Data provided START

definition conn_ugraph :: "nat \<Rightarrow> (nat \<Rightarrow> nat \<Rightarrow> bool) \<Rightarrow> bool" where
  "conn_ugraph N E = ((\<forall>u v. E u v \<longrightarrow> u \<in> {1..N} \<and> v \<in> {1..N} \<and> E v u)
      \<and> (\<forall>a\<in>{1..N}. \<forall>b\<in>{1..N}. \<exists>k. walk E k a b))"

definition stable :: "real \<Rightarrow> real \<Rightarrow> real^'n^'n \<Rightarrow> bool" where
  "stable \<tau> \<rho> X = (\<forall>k::nat. opnorm (mpow X k) \<le> \<tau> * exp (- \<rho> * real k))"

definition SED :: "nat \<Rightarrow> (nat \<Rightarrow> nat \<Rightarrow> bool) \<Rightarrow> ('n \<Rightarrow> nat) \<Rightarrow> real \<Rightarrow> real \<Rightarrow> real^'n^'n \<Rightarrow> bool" where
  "SED N E ag c \<gamma> X = (\<forall>l\<in>{1..N}. \<forall>j\<in>{1..N}.
      blknorm ag X l j \<le> c * exp (- \<gamma> * gdist E l j))"

definition SED_away :: "nat \<Rightarrow> (nat \<Rightarrow> nat \<Rightarrow> bool) \<Rightarrow> ('n \<Rightarrow> nat) \<Rightarrow> nat \<Rightarrow> real \<Rightarrow> real \<Rightarrow> real^'n^'n \<Rightarrow> bool" where
  "SED_away N E ag i c \<gamma> X = (\<forall>l\<in>{1..N}. \<forall>j\<in>{1..N}.
      blknorm ag X l j \<le> c * exp (- \<gamma> * max (gdist E i l) (gdist E i j)))"

end

theory Submission
  imports Defs
begin

text \<open>
  Iterating the equation gives P = \<Sum>_k (L^T)^k M L^k, and the (l,j) block of the k-th
  term has two bounds. Stability bounds it by \<tau>^2 e^(-2\<rho>k) \<parallel>M\<parallel>, which decays in k.
  On the other hand L^k is SED with constant c_L^k N^(k-1), and the triangle inequality for
  the graph distance bounds the block by (N c_L)^(2k) c_M e^(-\<gamma>D) with
  D = max (dist(i,l), dist(i,j)), which grows in k. Using the second bound for
  k \<le> K \<approx> \<gamma>D / (2(\<rho> + ln (N c_L))) and the first beyond, both geometric sums are of
  order e^(-\<gamma>_P D).
\<close>

section \<open>Operator norm\<close>

lemma opnorm_nonneg: "0 \<le> opnorm (X::real^'n^'m)"
  unfolding opnorm_def by (simp add: onorm_pos_le)

lemma norm_matrix_vector_mult_le: "norm (X *v v) \<le> opnorm (X::real^'n^'m) * norm v"
  unfolding opnorm_def by (rule onorm) simp

lemma opnorm_le:
  assumes "\<And>v. norm (X *v v) \<le> b * norm v"
  shows "opnorm (X::real^'n^'m) \<le> b"
  unfolding opnorm_def using assms by (rule onorm_le)

lemma opnorm_zero [simp]: "opnorm (0::real^'n^'m) = 0"
  using onorm_zero unfolding opnorm_def matrix_vector_mult_0 .

lemma opnorm_mult_le: "opnorm ((A::real^'n^'m) ** (B::real^'k^'n)) \<le> opnorm A * opnorm B"
proof -
  have "(\<lambda>v. (A ** B) *v v) = (*v) A \<circ> (*v) B"
    by (simp add: fun_eq_iff matrix_vector_mul_assoc)
  then show ?thesis
    unfolding opnorm_def by (simp add: onorm_compose)
qed

lemma opnorm_add_le: "opnorm ((A::real^'n^'m) + B) \<le> opnorm A + opnorm B"
  unfolding opnorm_def matrix_vector_mult_add_rdistrib by (simp add: onorm_triangle)

lemma opnorm_sum_le:
  "finite S \<Longrightarrow> opnorm (\<Sum>k\<in>S. (f k::real^'n^'m)) \<le> (\<Sum>k\<in>S. opnorm (f k))"
  by (induction S rule: finite_induct) (auto intro: order_trans[OF opnorm_add_le])

lemma opnorm_transpose_le: "opnorm (transpose (A::real^'n^'m)) \<le> opnorm A"
proof (rule opnorm_le)
  fix v :: "real^'m"
  let ?w = "transpose A *v v"
  have "norm ?w ^ 2 = (A *v ?w) \<bullet> v"
    by (simp add: power2_norm_eq_inner dot_lmul_matrix[symmetric] inner_commute)
  also have "\<dots> \<le> norm (A *v ?w) * norm v"
    by (rule Cauchy_Schwarz_ineq2[THEN order_trans[OF abs_ge_self]])
  also have "\<dots> \<le> opnorm A * norm ?w * norm v"
    by (intro mult_right_mono norm_matrix_vector_mult_le) simp
  finally have "norm ?w * norm ?w \<le> norm ?w * (opnorm A * norm v)"
    by (simp add: power2_eq_square algebra_simps)
  then show "norm ?w \<le> opnorm A * norm v"
    using opnorm_nonneg[of A] by (cases "norm ?w = 0") (simp_all add: mult_le_cancel_left)
qed

lemma opnorm_transpose: "opnorm (transpose (A::real^'n^'m)) = opnorm A"
  using opnorm_transpose_le[of A] opnorm_transpose_le[of "transpose A"] by simp

lemma blknorm_nonneg: "0 \<le> blknorm ag X l j"
  by (simp add: blknorm_def opnorm_nonneg)

lemma blknorm_le_opnorm: "blknorm (ag::'a::finite \<Rightarrow> nat) X l j \<le> opnorm X"
  unfolding blknorm_def
proof (rule opnorm_le)
  fix v :: "real^'a"
  let ?u = "(\<chi> c. if ag c = j then v$c else 0) :: real^'a"
  have "blk ag X l j *v v = (\<chi> r. if ag r = l then (X *v ?u)$r else 0)"
    by (auto simp add: blk_def vec_eq_iff matrix_vector_mult_def intro!: sum.cong)
  then have "norm (blk ag X l j *v v) \<le> norm (X *v ?u)"
    by (simp only:) (rule norm_le_componentwise_cart, simp)
  also have "\<dots> \<le> opnorm X * norm ?u"
    by (rule norm_matrix_vector_mult_le)
  also have "\<dots> \<le> opnorm X * norm v"
    by (intro mult_left_mono opnorm_nonneg) (rule norm_le_componentwise_cart, simp)
  finally show "norm (blk ag X l j *v v) \<le> opnorm X * norm v" .
qed

lemma blk_add: "blk ag (X + Y) l j = blk ag X l j + blk ag Y l j"
  by (simp add: blk_def vec_eq_iff)

lemma blk_sum: "finite S \<Longrightarrow> blk ag (\<Sum>k\<in>S. f k) l j = (\<Sum>k\<in>S. blk ag (f k) l j)"
  by (induction S rule: finite_induct) (simp_all add: blk_add, simp add: blk_def vec_eq_iff)

lemma blknorm_transpose: "blknorm ag (transpose X) l j = blknorm ag X j l"
proof -
  have "blk ag (transpose X) l j = transpose (blk ag X j l)"
    by (simp add: blk_def vec_eq_iff transpose_def)
  then show ?thesis
    by (simp add: blknorm_def opnorm_transpose)
qed

lemma blk_mult:
  assumes "\<forall>r. ag r \<in> A" "finite A"
  shows "blk ag (X ** Y) l j = (\<Sum>a\<in>A. blk ag X l a ** blk ag Y a j)"
proof -
  have "(X ** Y)$r$c = (\<Sum>a\<in>A. \<Sum>s\<in>UNIV. if ag s = a then X$r$s * Y$s$c else 0)" for r c
  proof -
    have "(\<Sum>a\<in>A. \<Sum>s\<in>UNIV. if ag s = a then X$r$s * Y$s$c else 0)
        = (\<Sum>s\<in>UNIV. \<Sum>a\<in>A. if ag s = a then X$r$s * Y$s$c else 0)"
      by (rule sum.swap)
    also have "\<dots> = (X ** Y)$r$c"
      using assms by (simp add: matrix_matrix_mult_def)
    finally show ?thesis ..
  qed
  then show ?thesis
    by (auto simp: vec_eq_iff blk_def matrix_matrix_mult_def intro!: sum.cong)
qed

lemma blknorm_mult_le:
  assumes "\<forall>r. ag r \<in> A" "finite A"
  shows "blknorm ag (X ** Y) l j \<le> (\<Sum>a\<in>A. blknorm ag X l a * blknorm ag Y a j)"
  unfolding blknorm_def blk_mult[OF assms]
  using assms(2) by (rule order_trans[OF opnorm_sum_le]) (intro sum_mono opnorm_mult_le)

section \<open>Graph distance\<close>

lemma walk_refl: "walk E 0 a a"
  unfolding walk_def by (rule exI[of _ "\<lambda>_. a"]) simp

lemma walk_append:
  assumes "walk E k1 a c" "walk E k2 c b"
  shows "walk E (k1 + k2) a b"
proof -
  obtain p where p: "p 0 = a" "p k1 = c" "\<forall>m<k1. E (p m) (p (Suc m))"
    using assms(1) walk_def by metis
  obtain q where q: "q 0 = c" "q k2 = b" "\<forall>m<k2. E (q m) (q (Suc m))"
    using assms(2) walk_def by metis
  define r where "r m = (if m \<le> k1 then p m else q (m - k1))" for m
  have "E (r m) (r (Suc m))" if "m < k1 + k2" for m
  proof (cases "m < k1")
    case False
    then have "Suc m - k1 = Suc (m - k1)" by simp
    then show ?thesis using False that p q by (auto simp: r_def)
  qed (use p in \<open>auto simp: r_def\<close>)
  moreover have "r 0 = a" "r (k1 + k2) = b"
    using p q by (auto simp: r_def)
  ultimately show ?thesis
    unfolding walk_def by blast
qed

lemma gdist_le: "walk E k a b \<Longrightarrow> gdist E a b \<le> real k"
  unfolding gdist_def by (simp add: Least_le)

lemma gdist_self [simp]: "gdist E a a = 0"
  using gdist_le[OF walk_refl, of E a] unfolding gdist_def by simp

lemma gdist_nonneg: "0 \<le> gdist E a b"
  unfolding gdist_def by simp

Data provided END

» Your assignment
Out of the entries above, write out only the lines between the line holding "unfolding opnorm_def matrix_vector_mult_add_rdistrib" and the line holding "(A *v ?w) \<bullet>", inclusive, each exactly as given.

» Answer box
  unfolding opnorm_def matrix_vector_mult_add_rdistrib by (simp add: onorm_triangle)

lemma opnorm_sum_le:
  "finite S \<Longrightarrow> opnorm (\<Sum>k\<in>S. (f k::real^'n^'m)) \<le> (\<Sum>k\<in>S. opnorm (f k))"
  by (induction S rule: finite_induct) (auto intro: order_trans[OF opnorm_add_le])

lemma opnorm_transpose_le: "opnorm (transpose (A::real^'n^'m)) \<le> opnorm A"
proof (rule opnorm_le)
  fix v :: "real^'m"
  let ?w = "transpose A *v v"
  have "norm ?w ^ 2 = (A *v ?w) \<bullet> v"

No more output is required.